While many traders view earnings as inherently unpredictable in the short term, historical patterns often differ meaningfully from stock to stock. Some names consistently gap in one direction and then reverse, while others show a tendency to continue moving in the direction of the initial gap over the following sessions. Treating every earnings report the same overlooks these differences.
This tool helps traders understand post-earnings behavior by separating the reaction into distinct phases (the overnight move, the same-day response, and the multi-day drift) and by considering factors such as the direction and size of the gap. This provides more targeted context than a single blended average, allowing traders to align their approach with how the stock has historically behaved in similar situations.
Groups reactions according to the magnitude of the earnings gap, allowing small moves to be analyzed separately from large ones.
Breaks down historical reactions by whether the stock gapped up or gapped down on earnings, as the two often behave differently.
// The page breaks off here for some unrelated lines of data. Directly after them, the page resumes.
(* Let $\mathbf{E},\mathbf{Y}$ be Euclidean spaces, $\mathcal{X}\subset\mathbf{E}$ nonempty closed convex, $h\colon\mathbf{Y}\to\mathbb{R}$ convex, $F\colon\mathbf{E}\to\mathbf{Y}$ differentiable with Jacobian $\nabla F(x)$, and $f=h\circ F$. Let $\mathcal{X}^*=\operatorname{argmin}_{\mathcal{X}}f$ be nonempty and fix $\bar x\in\mathcal{X}^*$. Suppose for some $\epsilon,\mu,\rho>0$: (approximation) $|f(y)-f_x(y)|\le\frac\rho2\|y-x\|^2$ for all $x\in\mathcal{X}\cap B_\epsilon(\bar x)$, $y\in\mathcal{X}$, where $f_x(y):=h(F(x)+\nabla F(x)(y-x))$; (sharpness) $f(x)-\inf_{\mathcal{X}}f\ge\mu\,\mathrm{dist}(x,\mathcal{X}^* )$ for all $x\in\mathcal{X}\cap B_\epsilon(\bar x)$. Let $\beta\ge\rho$ and let $x_0\in B_{\epsilon/2}(\bar x)\cap\mathcal{X}$ satisfy $$f(x_0)-\min_{\mathcal{X}}f\le\min\Big\{\frac{\beta\epsilon^2}{25},\frac{\mu^2}{2\beta}\Big\}.$$ Consider the prox-linear iterates $x_{k+1}=\operatorname{argmin}_{x\in\mathcal{X}}\big\{h\big(F(x_k)+\nabla F(x_k)(x-x_k)\big)+\frac\beta2\|x-x_k\|^2\big\}$. Then all $x_k$ lie in $B_\epsilon(\bar x)$ and for all $k\ge0$ $$\mathrm{dist}(x_{k+1},\mathcal{X}^* )\le\frac\beta\mu\mathrm{dist}^2(x_k,\mathcal{X}^* ),\qquad f(x_{k+1})-\min_{\mathcal{X}}f\le\frac{\beta}{\mu^2}\big(f(x_k)-\min_{\mathcal{X}}f\big)^2.$$ Moreover, the iterates converge to some $x_\infty\in\mathcal{X}^*$ with $\|x_k-x_\infty\|\le\frac{2\sqrt2\mu}{\beta}\big(\frac12\big)^{2^{k-1}}$ for all $k\ge0$.
   Context: $\|\cdot\|$ is the Euclidean norm on $\mathbf{E}$, $B_\epsilon(z)$ the closed ball of radius $\epsilon$ about $z$, and $\mathrm{dist}$ the Euclidean distance. *)

theory Defs
  imports "HOL-Analysis.Analysis"
begin

end

theory Submission
  imports Defs
begin

text \<open>
  The model \<open>f\<^sub>x\<close> is convex, so adding the \<open>\<beta>\<close>-strongly convex proximal term makes the new
  iterate beat every competitor \<open>y\<close> by \<open>\<beta>/2 \<parallel>y - x\<^sub>k\<^sub>+\<^sub>1\<parallel>\<^sup>2\<close>; with the two-sided
  quadratic error of the model this gives
  \<open>f(x\<^sub>k\<^sub>+\<^sub>1) + \<beta>/2 \<parallel>y - x\<^sub>k\<^sub>+\<^sub>1\<parallel>\<^sup>2 \<le> f(y) + \<beta> \<parallel>y - x\<^sub>k\<parallel>\<^sup>2\<close>.
  Taking for \<open>y\<close> a nearest minimizer of \<open>x\<^sub>k\<close> bounds both the new gap and the step length
  by the distance \<open>d\<^sub>k\<close> of \<open>x\<^sub>k\<close> to the solution set, and sharpness closes the loop:
  \<open>\<mu> d\<^sub>k\<^sub>+\<^sub>1 \<le> f(x\<^sub>k\<^sub>+\<^sub>1) - min f \<le> \<beta> d\<^sub>k\<^sup>2\<close>. All of this needs \<open>x\<^sub>k\<close> to lie in the ball where the
  hypotheses hold. By induction \<open>\<beta>/\<mu> d\<^sub>k \<le> t^(2^k)\<close> with \<open>t \<le> 1/2\<close>, so the steps have total
  length at most \<open>\<epsilon>/2\<close>, which keeps every iterate in the ball and makes the sequence Cauchy
  with doubly exponentially small tails.
\<close>

definition minimizers :: "'a set \<Rightarrow> ('a \<Rightarrow> real) \<Rightarrow> 'a set" where
  "minimizers X f = {z \<in> X. \<forall>y\<in>X. f z \<le> f y}"

lemma closed_minimizers:
  fixes f :: "'a::topological_space \<Rightarrow> real"
  assumes "closed X" and "continuous_on X f"
  shows "closed (minimizers X f)"
proof (cases "minimizers X f = {}")
  case False
  then obtain z where "z \<in> minimizers X f" by blast
  then have "minimizers X f = X \<inter> f -` {..f z}"
    by (auto simp: minimizers_def intro: order_trans)
  then show ?thesis
    using continuous_closed_preimage[OF assms(2,1) closed_atMost] by simp
qed simp

lemma infdist_attained:
  fixes a :: "'a::heine_borel"
  assumes "closed S" and "S \<noteq> {}"
  obtains z where "z \<in> S" and "infdist a S = dist a z"
proof -
  obtain z where z: "z \<in> S" "\<And>y. y \<in> S \<Longrightarrow> dist a z \<le> dist a y"
    using distance_attains_inf[OF assms] by blast
  have "dist a z \<le> infdist a S"
    unfolding infdist_notempty[OF assms(2)] by (rule cINF_greatest[OF assms(2) z(2)])
  with infdist_le[OF z(1)] have "infdist a S = dist a z" by (rule antisym)
  with z(1) show thesis by (rule that)
qed

lemma convex_on_affine_comp:
  assumes "convex_on UNIV h" and "linear L" and "convex S"
  shows "convex_on S (\<lambda>y. h (b + L (y - c)))"
proof (rule convex_onI[OF _ assms(3)])
  fix t :: real and u v assume t: "0 < t" "t < 1"
  have "b + L ((1 - t) *\<^sub>R u + t *\<^sub>R v - c)
      = (1 - t) *\<^sub>R (b + L (u - c)) + t *\<^sub>R (b + L (v - c))"
  proof -
    have "(1 - t) *\<^sub>R u + t *\<^sub>R v - c = (1 - t) *\<^sub>R (u - c) + t *\<^sub>R (v - c)"
      by (simp add: algebra_simps)
    then have "L ((1 - t) *\<^sub>R u + t *\<^sub>R v - c) = (1 - t) *\<^sub>R L (u - c) + t *\<^sub>R L (v - c)"
      using assms(2) by (simp add: linear_add linear_scale)
    then show ?thesis by (simp add: algebra_simps)
  qed
  then show "h (b + L ((1 - t) *\<^sub>R u + t *\<^sub>R v - c))
      \<le> (1 - t) * h (b + L (u - c)) + t * h (b + L (v - c))"
    using convex_onD[OF assms(1), of t] t by simp
qed

lemma norm_convex_combination_diff_sq:
  fixes a b c :: "'a::real_inner"
  shows "(norm ((1 - t) *\<^sub>R a + t *\<^sub>R b - c))\<^sup>2
    = (1 - t) * (norm (a - c))\<^sup>2 + t * (norm (b - c))\<^sup>2 - t * (1 - t) * (norm (b - a))\<^sup>2"
proof -
  define A B where "A = a - c" and "B = b - c"
  have "(1 - t) *\<^sub>R a + t *\<^sub>R b - c = A + t *\<^sub>R (B - A)" and "b - a = B - A"
    by (simp_all add: A_def B_def algebra_simps)
  then show ?thesis
    unfolding A_def[symmetric] B_def[symmetric]
    by (simp add: power2_norm_eq_inner inner_diff_left inner_diff_right inner_add_left
        inner_add_right inner_commute) (simp add: algebra_simps)
qed
text \<open>The k-th dyadic term is at most a * b^k times the Morrey norm of f, and b < 1 because
lam < 0.\<close>

lemma hardy_adj_ball_morrey_le:
  assumes n: "n \<ge> 1" and p: "\<forall>i<n. p i > 1" and lam: "lam < 0"
    and [measurable]: "f \<in> borel_measurable (Rn n)" and R: "R > 0"
  defines "\<sigma> \<equiv> \<Sum>i<n. 1 / p i"
  defines "a \<equiv> (2::real) powr (real n * lam + \<sigma>)" and "b \<equiv> (2::real) powr (real n * lam)"
  defines "C \<equiv> a / (1 - b) * (\<Prod>i<n. enn2real (hardy_const (p i)))"
  shows "mixnorm n p (\<lambda>x. hardy_adj n f x * indic_ball n R x) * ennreal (1 / morrey_weight n p lam R)
     \<le> ennreal C * morrey_norm n p lam f"
proof (cases "morrey_weight n p lam R > 0")
  case True
  define D M where "D = morrey_weight n p lam R" and "M = morrey_norm n p lam f"
  define Cq where "Cq = (\<Prod>i<n. enn2real (hardy_const (p i)))"
  have p0: "\<forall>i<n. p i > 0"
    using p by auto
  have ab: "a > 0" "0 < b" "b < 1"
    using n lam by (auto simp: a_def b_def mult_pos_neg intro: powr_less_one)
  have Cq: "Cq \<ge> 0" "(\<Prod>i<n. hardy_const (p i)) = ennreal Cq"
    using prod_hardy_const_eq_ennreal[OF p] by (auto simp: Cq_def prod_nonneg)
  have dyadic_term: "ennreal ((1 / 2 ^ k) powr \<sigma>) * ennreal Cq * mixnorm n p (\<lambda>x. f x * indic_ball n (2 ^ (k + 1) * R) x)
      * ennreal (1 / D) \<le> ennreal (a * b ^ k) * (ennreal Cq * M)" for k
  proof -
    have "mixnorm n p (\<lambda>x. f x * indic_ball n (2 ^ (k + 1) * R) x) * ennreal (1 / D) \<le> ennreal (a ^ (k + 1)) * M"
      using mixnorm_dyadic_ball_le_morrey_norm[OF p0 R True, where k="k + 1" and f=f]
      by (simp add: a_def \<sigma>_def D_def M_def)
    then have "ennreal ((1 / 2 ^ k) powr \<sigma>) * ennreal Cq * mixnorm n p (\<lambda>x. f x * indic_ball n (2 ^ (k + 1) * R) x)
        * ennreal (1 / D) \<le> ennreal ((1 / 2 ^ k) powr \<sigma>) * ennreal Cq * (ennreal (a ^ (k + 1)) * M)"
      by (simp add: mult.assoc mult_left_mono)
    also have "\<dots> = ennreal ((1 / 2 ^ k) powr \<sigma> * a ^ (k + 1)) * (ennreal Cq * M)"
      using ab by (simp add: ennreal_mult mult_ac)
    also have "(1 / 2 ^ k) powr \<sigma> * a ^ (k + 1) = a * b ^ k"
      using dyadic_powr_identity[of k \<sigma> "real n * lam"] by (simp add: a_def b_def)
    finally show ?thesis .
  qed
  have "mixnorm n p (\<lambda>x. hardy_adj n f x * indic_ball n R x) * ennreal (1 / D)
      \<le> (\<Sum>k. ennreal ((1 / 2 ^ k) powr \<sigma>) * ennreal Cq * mixnorm n p (\<lambda>x. f x * indic_ball n (2 ^ (k + 1) * R) x))
         * ennreal (1 / D)"
    using mixnorm_hardy_adj_ball_le[OF n p _ R] Cq by (simp add: \<sigma>_def mult_right_mono)
  also have "\<dots> \<le> (\<Sum>k. ennreal (a * b ^ k) * (ennreal Cq * M))"
    unfolding ennreal_suminf_multc[symmetric] by (intro suminf_le summableI dyadic_term)
  also have "\<dots> = ennreal (\<Sum>k. a * b ^ k) * (ennreal Cq * M)"
    using ab by (simp add: suminf_ennreal2 summable_mult)
  also have "(\<Sum>k. a * b ^ k) = a / (1 - b)"
    using ab by (simp add: suminf_mult suminf_geometric)
  also have "ennreal (a / (1 - b)) * (ennreal Cq * M) = ennreal C * M"
    using ab by (simp add: C_def Cq_def mult.assoc[symmetric] ennreal_mult'[symmetric])
  finally show ?thesis
    by (simp add: D_def M_def)
qed (use morrey_weight_nonneg[of n p lam R] in simp)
Shows how often the stock has historically gapped higher on earnings, providing a baseline probability before taking a directional view.
Measures the forward return in the days following the earnings report, highlighting any sustained momentum or reversal.
Check how often the stock has historically gapped up or down on earnings. This provides a directional bias grounded in the stock's past behavior rather than assumptions about the current report.
Compare the size of the overnight gap to the stock's reaction from the open to the close. This helps determine whether the initial move tends to continue or reverse by the end of the earnings day.
Examine the typical price movement in the days following the report. This helps decide whether any momentum is likely to persist or whether the reaction is usually complete shortly after the open.
Review reactions grouped by the magnitude of the earnings gap. This allows smaller moves to be evaluated against similar historical cases rather than being compared to much larger outliers.